Wang Wei, Gong Qiu-Yuan, Cai Lin, Jing Yao, Yang Dian-Xu, Yuan Fang, Chen Hao, Tian Heng-Li
Department of Neurosurgery, Shanghai Jiao Tong University Affiliated Sixth People's Hospital, Shanghai Jiao Tong University, Shanghai, China.
Neural Regen Res. 2023 Feb;18(2):350-356. doi: 10.4103/1673-5374.346457.
Sirtuin 2 (SIRT2) inhibition or Sirt2 knockout in animal models protects against the development of neurodegenerative diseases and cerebral ischemia. However, the role of SIRT2 in traumatic brain injury (TBI) remains unclear. In this study, we found that knockout of Sirt2 in a mouse model of TBI reduced brain edema, attenuated disruption of the blood-brain barrier, decreased expression of the nucleotide-binding oligomerization domain-like receptor protein 3 (NLRP3) inflammasome, reduced the activity of the effector caspase-1, reduced neuroinflammation and neuronal pyroptosis, and improved neurological function. Knockout of Sirt2 in a mechanical stretch injury cell model in vitro also decreased expression of the NLRP3 inflammasome and pyroptosis. Our findings suggest that knockout of Sirt2 is neuroprotective against TBI; therefore, Sirt2 could be a novel target for TBI treatment.
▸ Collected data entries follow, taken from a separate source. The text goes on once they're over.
lemma run_leaves_0: "q n = 0 \<Longrightarrow> q (Suc n) \<noteq> 0 \<Longrightarrow> tree_word T n \<in> {2,3} \<and> q (Suc n) = tree_word T n"
  using run_step[of n] by (auto simp: branch_trans_def)

lemma run_enters_3: "q (Suc n) = 3 \<Longrightarrow> q n = 0 \<and> tree_word T n = 3"
  using run_step[of n] by (auto simp: branch_trans_def)

lemma run_ptr: "q n \<in> {2,3} \<Longrightarrow> tree_word T n = 1 \<Longrightarrow> q (Suc n) = 2 \<and> c (Suc n) + 1 = c n"
  using run_step[of n] by (auto simp: branch_trans_def)

lemma run_counter:
  "\<not> (q n \<in> {2,3} \<and> tree_word T n = 1) \<Longrightarrow> c (Suc n) = c n + (if tree_word T n = 0 then 1 else 0)"
  using run_step[of n] tree_word_range[of T n] by (auto simp: branch_trans_def)

lemma run_stays_1: "q n = 1 \<Longrightarrow> tree_word T n \<noteq> 4 \<Longrightarrow> q (Suc n) = 1"
  using run_step[of n] by (auto simp: branch_trans_def)

lemma run_after_ptr: "q n \<in> {2,3} \<Longrightarrow> tree_word T n \<noteq> 1 \<Longrightarrow> q (Suc n) \<in> {0,1}"
  using run_step[of n] by (auto simp: branch_trans_def)

lemma counter_le_zero_count: "c n \<le> zero_count T n"
proof (induction n)
  case (Suc n)
  then show ?case
    using run_ptr[of n] run_counter[of n] zero_count_Suc[of T n]
    by (cases "q n \<in> {2,3} \<and> tree_word T n = 1") auto
qed (simp add: run_init zero_count_0)
lemma syzygy_reduction_step:
  assumes h: "h \<in> syz n a" "last_nonzero (vec_coeff n h) I"
  obtains i m where "i \<in> q" "(\<lambda>r. h r - m * b i r) \<in> syz n a"
    "\<forall>j\<ge>I. vec_coeff n (\<lambda>r. h r - m * b i r) j = 0"
proof -
  obtain i where i: "i \<in> q" "i mod n = I mod n" "i \<le> I"
    using basic_nonpivot_below_syzygy[OF h] by blast
  have "i < cols" using basic_nonpivotsD(1)[OF i(1)] .
  define m where "m = monom (vec_coeff n h I) (I div n - i div n)"
  have m: "m \<noteq> 0" "lead_coeff m = vec_coeff n h I"
    using h(2) by (simp_all add: m_def last_nonzero_def degree_monom_eq)
  have "i div n * n \<le> I div n * n" using div_le_mono[OF i(3)] by simp
  moreover have "degree m * n = I div n * n - i div n * n"
    using m(1) by (simp add: m_def degree_monom_eq diff_mult_distrib)
  ultimately have I: "degree m * n + i = I"
    using i(2) div_mult_mod_eq[of I n] div_mult_mod_eq[of i n] by linarith
  note mult_b = last_nonzero_vec_coeff_mult[OF n_pos m(1) last_nonzero_b[OF \<open>i < cols\<close>], unfolded I]
  have "vec_coeff n (\<lambda>r. h r - m * b i r) j = vec_coeff n h j - vec_coeff n (\<lambda>r. m * b i r) j" for j
    by (simp add: vec_coeff_def)
  then have "\<forall>j\<ge>I. vec_coeff n (\<lambda>r. h r - m * b i r) j = 0"
    using h(2) mult_b m(2) vec_coeff_b_self[OF \<open>i < cols\<close>]
    by (auto simp: last_nonzero_def le_less)
  moreover have "(\<lambda>r. h r - m * b i r) \<in> syz n a"
    using syz_diff_mult h(1) b_in_syz \<open>i < cols\<close> basic_nonpivotsD(2)[OF i(1)] by blast
  ultimately show ?thesis using i(1) that by blast
qed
在动物模型中,抑制沉默调节蛋白2(SIRT2)或敲除Sirt2基因可预防神经退行性疾病和脑缺血的发生。然而,SIRT2在创伤性脑损伤(TBI)中的作用仍不清楚。在本研究中,我们发现,在TBI小鼠模型中敲除Sirt2基因可减轻脑水肿,减轻血脑屏障破坏,降低核苷酸结合寡聚化结构域样受体蛋白3(NLRP3)炎性小体的表达,降低效应半胱天冬酶-1的活性,减轻神经炎症和神经元焦亡,并改善神经功能。在体外机械拉伸损伤细胞模型中敲除Sirt2基因也可降低NLRP3炎性小体的表达和焦亡。我们的研究结果表明,敲除Sirt2基因对TBI具有神经保护作用;因此,Sirt2可能是TBI治疗的新靶点。